What to work on
Copy out exactly the lines below that run from the one holding "(deriv ^^ n) (wp \<sigma>) w" to the one holding "(wp \<sigma>) has_field_derivative", keeping both of those lines and no others.

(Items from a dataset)
[Start of Attachment]
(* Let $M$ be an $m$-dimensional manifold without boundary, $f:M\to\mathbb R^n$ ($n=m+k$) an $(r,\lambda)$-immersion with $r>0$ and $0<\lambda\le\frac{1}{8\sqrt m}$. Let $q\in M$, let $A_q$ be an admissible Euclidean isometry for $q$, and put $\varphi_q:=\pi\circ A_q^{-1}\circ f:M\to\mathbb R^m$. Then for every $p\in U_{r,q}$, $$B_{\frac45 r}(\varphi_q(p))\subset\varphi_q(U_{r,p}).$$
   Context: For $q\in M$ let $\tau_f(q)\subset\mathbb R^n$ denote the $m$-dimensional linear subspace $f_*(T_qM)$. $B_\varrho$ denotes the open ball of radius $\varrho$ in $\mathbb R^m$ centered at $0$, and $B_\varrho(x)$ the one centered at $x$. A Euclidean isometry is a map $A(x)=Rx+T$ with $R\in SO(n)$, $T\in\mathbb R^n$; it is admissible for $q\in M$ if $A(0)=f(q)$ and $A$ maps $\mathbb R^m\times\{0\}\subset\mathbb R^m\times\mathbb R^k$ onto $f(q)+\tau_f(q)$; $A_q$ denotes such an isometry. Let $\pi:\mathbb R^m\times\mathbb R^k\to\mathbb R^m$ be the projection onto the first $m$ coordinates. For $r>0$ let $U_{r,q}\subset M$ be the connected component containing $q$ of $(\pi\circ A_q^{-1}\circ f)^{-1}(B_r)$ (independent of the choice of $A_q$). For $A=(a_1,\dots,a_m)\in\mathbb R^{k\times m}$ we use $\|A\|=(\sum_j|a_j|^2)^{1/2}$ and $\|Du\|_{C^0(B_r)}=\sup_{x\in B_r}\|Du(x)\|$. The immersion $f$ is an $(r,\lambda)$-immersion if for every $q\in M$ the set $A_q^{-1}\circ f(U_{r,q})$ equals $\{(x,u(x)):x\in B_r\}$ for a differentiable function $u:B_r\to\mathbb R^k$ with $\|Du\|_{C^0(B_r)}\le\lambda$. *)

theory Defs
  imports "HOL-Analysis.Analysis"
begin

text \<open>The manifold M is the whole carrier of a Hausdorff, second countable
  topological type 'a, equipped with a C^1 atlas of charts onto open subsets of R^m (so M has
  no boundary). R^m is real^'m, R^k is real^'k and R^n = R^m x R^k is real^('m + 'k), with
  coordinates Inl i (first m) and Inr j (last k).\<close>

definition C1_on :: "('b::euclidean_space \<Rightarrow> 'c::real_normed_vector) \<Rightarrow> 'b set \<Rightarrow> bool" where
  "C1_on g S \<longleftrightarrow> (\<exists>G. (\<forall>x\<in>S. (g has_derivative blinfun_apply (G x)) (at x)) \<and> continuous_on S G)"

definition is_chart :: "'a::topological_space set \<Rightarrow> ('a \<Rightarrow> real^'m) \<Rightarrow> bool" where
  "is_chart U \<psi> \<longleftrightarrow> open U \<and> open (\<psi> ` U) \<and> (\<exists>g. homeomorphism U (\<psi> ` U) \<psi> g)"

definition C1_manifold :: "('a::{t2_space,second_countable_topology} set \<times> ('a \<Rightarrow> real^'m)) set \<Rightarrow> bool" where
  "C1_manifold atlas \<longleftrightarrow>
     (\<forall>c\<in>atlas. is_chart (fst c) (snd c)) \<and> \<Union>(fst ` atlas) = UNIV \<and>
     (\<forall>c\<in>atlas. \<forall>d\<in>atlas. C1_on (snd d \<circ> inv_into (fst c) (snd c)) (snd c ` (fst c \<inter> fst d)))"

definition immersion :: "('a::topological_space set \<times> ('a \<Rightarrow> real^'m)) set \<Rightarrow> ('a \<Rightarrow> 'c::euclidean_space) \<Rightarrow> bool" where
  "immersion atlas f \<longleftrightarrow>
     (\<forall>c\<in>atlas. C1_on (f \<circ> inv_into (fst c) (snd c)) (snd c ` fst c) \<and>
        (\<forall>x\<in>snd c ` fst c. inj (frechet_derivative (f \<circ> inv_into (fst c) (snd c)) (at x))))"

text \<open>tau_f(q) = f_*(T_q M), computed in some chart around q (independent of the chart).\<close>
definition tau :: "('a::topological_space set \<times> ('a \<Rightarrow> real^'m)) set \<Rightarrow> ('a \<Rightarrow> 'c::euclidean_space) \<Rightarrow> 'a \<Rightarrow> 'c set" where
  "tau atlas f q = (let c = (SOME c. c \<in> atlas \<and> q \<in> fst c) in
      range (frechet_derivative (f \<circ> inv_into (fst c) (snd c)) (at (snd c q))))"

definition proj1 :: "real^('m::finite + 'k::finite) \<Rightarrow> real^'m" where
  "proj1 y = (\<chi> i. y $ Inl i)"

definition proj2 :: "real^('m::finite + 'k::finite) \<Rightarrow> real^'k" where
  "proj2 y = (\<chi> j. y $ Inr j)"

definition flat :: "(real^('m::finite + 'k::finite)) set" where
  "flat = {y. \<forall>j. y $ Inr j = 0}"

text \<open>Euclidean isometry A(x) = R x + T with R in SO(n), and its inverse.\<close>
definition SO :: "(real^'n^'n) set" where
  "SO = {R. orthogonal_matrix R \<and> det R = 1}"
[End of Attachment]
[Start of Attachment]
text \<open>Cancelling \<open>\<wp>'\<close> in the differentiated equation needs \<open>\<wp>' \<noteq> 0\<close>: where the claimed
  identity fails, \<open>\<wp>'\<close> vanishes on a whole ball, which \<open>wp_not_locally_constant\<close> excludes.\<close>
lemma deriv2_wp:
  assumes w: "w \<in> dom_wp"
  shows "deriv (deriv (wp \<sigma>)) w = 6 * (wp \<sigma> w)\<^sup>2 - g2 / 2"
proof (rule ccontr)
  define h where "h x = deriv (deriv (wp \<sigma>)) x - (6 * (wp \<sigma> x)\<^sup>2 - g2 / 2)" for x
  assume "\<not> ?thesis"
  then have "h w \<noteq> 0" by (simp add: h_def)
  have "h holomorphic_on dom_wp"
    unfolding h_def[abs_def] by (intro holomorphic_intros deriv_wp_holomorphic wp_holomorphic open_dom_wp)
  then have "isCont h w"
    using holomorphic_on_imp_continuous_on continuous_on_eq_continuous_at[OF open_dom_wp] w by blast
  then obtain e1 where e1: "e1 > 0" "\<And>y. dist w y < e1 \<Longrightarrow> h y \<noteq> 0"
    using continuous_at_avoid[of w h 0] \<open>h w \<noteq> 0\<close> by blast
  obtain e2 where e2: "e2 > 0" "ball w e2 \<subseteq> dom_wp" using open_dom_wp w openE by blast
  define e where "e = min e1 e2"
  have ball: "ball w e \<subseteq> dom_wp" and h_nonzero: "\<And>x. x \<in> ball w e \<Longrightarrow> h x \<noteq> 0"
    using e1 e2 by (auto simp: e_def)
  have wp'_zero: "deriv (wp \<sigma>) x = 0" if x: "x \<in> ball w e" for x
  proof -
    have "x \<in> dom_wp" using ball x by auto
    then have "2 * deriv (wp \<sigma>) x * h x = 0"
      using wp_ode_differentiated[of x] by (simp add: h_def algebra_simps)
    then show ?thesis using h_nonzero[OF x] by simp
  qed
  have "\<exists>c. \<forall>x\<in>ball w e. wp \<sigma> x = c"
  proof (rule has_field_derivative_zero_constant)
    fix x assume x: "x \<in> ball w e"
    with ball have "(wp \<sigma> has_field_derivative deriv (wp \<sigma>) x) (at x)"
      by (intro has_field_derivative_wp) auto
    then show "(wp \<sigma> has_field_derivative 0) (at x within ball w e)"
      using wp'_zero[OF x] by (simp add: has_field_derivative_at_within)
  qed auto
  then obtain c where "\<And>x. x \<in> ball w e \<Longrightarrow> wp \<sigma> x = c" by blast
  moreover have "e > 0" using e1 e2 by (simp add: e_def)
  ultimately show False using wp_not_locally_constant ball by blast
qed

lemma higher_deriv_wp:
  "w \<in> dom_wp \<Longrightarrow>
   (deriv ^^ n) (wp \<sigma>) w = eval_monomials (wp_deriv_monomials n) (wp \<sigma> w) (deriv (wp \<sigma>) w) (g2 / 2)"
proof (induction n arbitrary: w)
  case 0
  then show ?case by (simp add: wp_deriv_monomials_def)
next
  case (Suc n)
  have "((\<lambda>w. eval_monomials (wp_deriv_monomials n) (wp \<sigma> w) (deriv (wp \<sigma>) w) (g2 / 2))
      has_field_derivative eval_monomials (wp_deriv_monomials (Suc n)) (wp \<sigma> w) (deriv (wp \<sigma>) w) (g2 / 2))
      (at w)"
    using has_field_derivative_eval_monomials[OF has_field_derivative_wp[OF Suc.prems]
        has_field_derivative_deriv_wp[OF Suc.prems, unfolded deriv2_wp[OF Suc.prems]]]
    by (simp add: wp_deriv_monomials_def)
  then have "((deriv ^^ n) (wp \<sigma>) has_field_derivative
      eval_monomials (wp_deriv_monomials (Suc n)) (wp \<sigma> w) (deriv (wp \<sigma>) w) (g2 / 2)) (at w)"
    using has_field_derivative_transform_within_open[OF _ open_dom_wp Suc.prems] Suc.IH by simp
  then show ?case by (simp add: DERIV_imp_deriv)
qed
[End of Attachment]
Exercise result
   (deriv ^^ n) (wp \<sigma>) w = eval_monomials (wp_deriv_monomials n) (wp \<sigma> w) (deriv (wp \<sigma>) w) (g2 / 2)"
proof (induction n arbitrary: w)
  case 0
  then show ?case by (simp add: wp_deriv_monomials_def)
next
  case (Suc n)
  have "((\<lambda>w. eval_monomials (wp_deriv_monomials n) (wp \<sigma> w) (deriv (wp \<sigma>) w) (g2 / 2))
      has_field_derivative eval_monomials (wp_deriv_monomials (Suc n)) (wp \<sigma> w) (deriv (wp \<sigma>) w) (g2 / 2))
      (at w)"
    using has_field_derivative_eval_monomials[OF has_field_derivative_wp[OF Suc.prems]
        has_field_derivative_deriv_wp[OF Suc.prems, unfolded deriv2_wp[OF Suc.prems]]]
    by (simp add: wp_deriv_monomials_def)
  then have "((deriv ^^ n) (wp \<sigma>) has_field_derivative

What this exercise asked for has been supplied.